Your assignment:
Below are the records; print them all without any alteration.

**** Records to use

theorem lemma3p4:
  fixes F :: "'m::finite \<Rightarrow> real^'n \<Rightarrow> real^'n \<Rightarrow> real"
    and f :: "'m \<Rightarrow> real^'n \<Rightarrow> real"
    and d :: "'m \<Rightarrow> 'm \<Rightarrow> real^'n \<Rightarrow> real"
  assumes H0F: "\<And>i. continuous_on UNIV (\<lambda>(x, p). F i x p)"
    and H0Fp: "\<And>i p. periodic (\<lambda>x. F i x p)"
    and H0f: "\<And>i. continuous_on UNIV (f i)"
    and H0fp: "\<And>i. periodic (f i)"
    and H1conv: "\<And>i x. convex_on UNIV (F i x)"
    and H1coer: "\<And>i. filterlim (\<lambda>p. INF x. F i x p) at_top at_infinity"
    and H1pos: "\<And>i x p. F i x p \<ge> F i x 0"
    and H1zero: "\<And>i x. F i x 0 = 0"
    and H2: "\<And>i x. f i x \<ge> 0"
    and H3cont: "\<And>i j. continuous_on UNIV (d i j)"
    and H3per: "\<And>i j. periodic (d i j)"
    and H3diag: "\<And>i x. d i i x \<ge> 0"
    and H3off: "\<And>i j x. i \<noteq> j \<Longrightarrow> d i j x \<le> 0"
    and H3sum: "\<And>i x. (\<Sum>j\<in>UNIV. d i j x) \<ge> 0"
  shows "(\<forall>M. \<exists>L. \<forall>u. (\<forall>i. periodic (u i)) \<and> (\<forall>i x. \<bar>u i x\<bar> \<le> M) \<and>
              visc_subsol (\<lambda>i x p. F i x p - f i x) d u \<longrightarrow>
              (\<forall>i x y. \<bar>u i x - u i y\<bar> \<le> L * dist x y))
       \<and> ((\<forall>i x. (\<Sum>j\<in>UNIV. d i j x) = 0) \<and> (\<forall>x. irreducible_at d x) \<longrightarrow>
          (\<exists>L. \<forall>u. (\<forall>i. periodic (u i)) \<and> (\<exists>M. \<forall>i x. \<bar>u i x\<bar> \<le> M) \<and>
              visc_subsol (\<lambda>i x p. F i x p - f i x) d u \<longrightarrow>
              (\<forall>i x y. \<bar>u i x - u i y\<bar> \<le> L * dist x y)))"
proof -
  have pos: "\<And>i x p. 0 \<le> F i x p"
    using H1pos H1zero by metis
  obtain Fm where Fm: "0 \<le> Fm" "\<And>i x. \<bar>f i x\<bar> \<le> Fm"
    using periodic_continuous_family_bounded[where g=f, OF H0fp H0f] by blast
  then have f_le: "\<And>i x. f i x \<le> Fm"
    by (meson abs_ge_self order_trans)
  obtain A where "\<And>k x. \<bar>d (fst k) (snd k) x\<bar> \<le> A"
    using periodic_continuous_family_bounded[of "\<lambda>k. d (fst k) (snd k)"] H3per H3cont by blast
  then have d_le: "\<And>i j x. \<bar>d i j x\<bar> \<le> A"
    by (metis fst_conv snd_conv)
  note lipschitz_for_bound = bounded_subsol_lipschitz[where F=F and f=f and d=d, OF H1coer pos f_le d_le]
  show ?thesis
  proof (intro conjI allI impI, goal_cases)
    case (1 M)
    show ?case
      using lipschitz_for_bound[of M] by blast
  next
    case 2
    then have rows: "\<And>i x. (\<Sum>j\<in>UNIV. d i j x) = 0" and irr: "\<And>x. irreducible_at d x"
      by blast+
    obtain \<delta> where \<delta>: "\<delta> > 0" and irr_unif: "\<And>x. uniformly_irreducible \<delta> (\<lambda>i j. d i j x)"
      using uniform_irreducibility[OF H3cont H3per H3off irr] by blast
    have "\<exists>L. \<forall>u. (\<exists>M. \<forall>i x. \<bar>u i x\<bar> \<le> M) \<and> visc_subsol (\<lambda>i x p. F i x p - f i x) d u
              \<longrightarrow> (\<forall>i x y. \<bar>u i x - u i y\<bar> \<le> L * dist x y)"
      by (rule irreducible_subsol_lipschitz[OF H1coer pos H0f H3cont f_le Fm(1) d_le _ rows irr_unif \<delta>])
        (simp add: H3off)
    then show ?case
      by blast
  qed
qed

********

Result:
theorem lemma3p4:
  fixes F :: "'m::finite \<Rightarrow> real^'n \<Rightarrow> real^'n \<Rightarrow> real"
    and f :: "'m \<Rightarrow> real^'n \<Rightarrow> real"
    and d :: "'m \<Rightarrow> 'm \<Rightarrow> real^'n \<Rightarrow> real"
  assumes H0F: "\<And>i. continuous_on UNIV (\<lambda>(x, p). F i x p)"
    and H0Fp: "\<And>i p. periodic (\<lambda>x. F i x p)"
    and H0f: "\<And>i. continuous_on UNIV (f i)"
    and H0fp: "\<And>i. periodic (f i)"
    and H1conv: "\<And>i x. convex_on UNIV (F i x)"
    and H1coer: "\<And>i. filterlim (\<lambda>p. INF x. F i x p) at_top at_infinity"
    and H1pos: "\<And>i x p. F i x p \<ge> F i x 0"
    and H1zero: "\<And>i x. F i x 0 = 0"
    and H2: "\<And>i x. f i x \<ge> 0"
    and H3cont: "\<And>i j. continuous_on UNIV (d i j)"
    and H3per: "\<And>i j. periodic (d i j)"
    and H3diag: "\<And>i x. d i i x \<ge> 0"
    and H3off: "\<And>i j x. i \<noteq> j \<Longrightarrow> d i j x \<le> 0"
    and H3sum: "\<And>i x. (\<Sum>j\<in>UNIV. d i j x) \<ge> 0"
  shows "(\<forall>M. \<exists>L. \<forall>u. (\<forall>i. periodic (u i)) \<and> (\<forall>i x. \<bar>u i x\<bar> \<le> M) \<and>
              visc_subsol (\<lambda>i x p. F i x p - f i x) d u \<longrightarrow>
              (\<forall>i x y. \<bar>u i x - u i y\<bar> \<le> L * dist x y))
       \<and> ((\<forall>i x. (\<Sum>j\<in>UNIV. d i j x) = 0) \<and> (\<forall>x. irreducible_at d x) \<longrightarrow>
          (\<exists>L. \<forall>u. (\<forall>i. periodic (u i)) \<and> (\<exists>M. \<forall>i x. \<bar>u i x\<bar> \<le> M) \<and>
              visc_subsol (\<lambda>i x p. F i x p - f i x) d u \<longrightarrow>
              (\<forall>i x y. \<bar>u i x - u i y\<bar> \<le> L * dist x y)))"
proof -
  have pos: "\<And>i x p. 0 \<le> F i x p"
    using H1pos H1zero by metis
  obtain Fm where Fm: "0 \<le> Fm" "\<And>i x. \<bar>f i x\<bar> \<le> Fm"
    using periodic_continuous_family_bounded[where g=f, OF H0fp H0f] by blast
  then have f_le: "\<And>i x. f i x \<le> Fm"
    by (meson abs_ge_self order_trans)
  obtain A where "\<And>k x. \<bar>d (fst k) (snd k) x\<bar> \<le> A"
    using periodic_continuous_family_bounded[of "\<lambda>k. d (fst k) (snd k)"] H3per H3cont by blast
  then have d_le: "\<And>i j x. \<bar>d i j x\<bar> \<le> A"
    by (metis fst_conv snd_conv)
  note lipschitz_for_bound = bounded_subsol_lipschitz[where F=F and f=f and d=d, OF H1coer pos f_le d_le]
  show ?thesis
  proof (intro conjI allI impI, goal_cases)
    case (1 M)
    show ?case
      using lipschitz_for_bound[of M] by blast
  next
    case 2
    then have rows: "\<And>i x. (\<Sum>j\<in>UNIV. d i j x) = 0" and irr: "\<And>x. irreducible_at d x"
      by blast+
    obtain \<delta> where \<delta>: "\<delta> > 0" and irr_unif: "\<And>x. uniformly_irreducible \<delta> (\<lambda>i j. d i j x)"
      using uniform_irreducibility[OF H3cont H3per H3off irr] by blast
    have "\<exists>L. \<forall>u. (\<exists>M. \<forall>i x. \<bar>u i x\<bar> \<le> M) \<and> visc_subsol (\<lambda>i x p. F i x p - f i x) d u
              \<longrightarrow> (\<forall>i x y. \<bar>u i x - u i y\<bar> \<le> L * dist x y)"
      by (rule irreducible_subsol_lipschitz[OF H1coer pos H0f H3cont f_le Fm(1) d_le _ rows irr_unif \<delta>])
        (simp add: H3off)
    then show ?case
      by blast
  qed
qed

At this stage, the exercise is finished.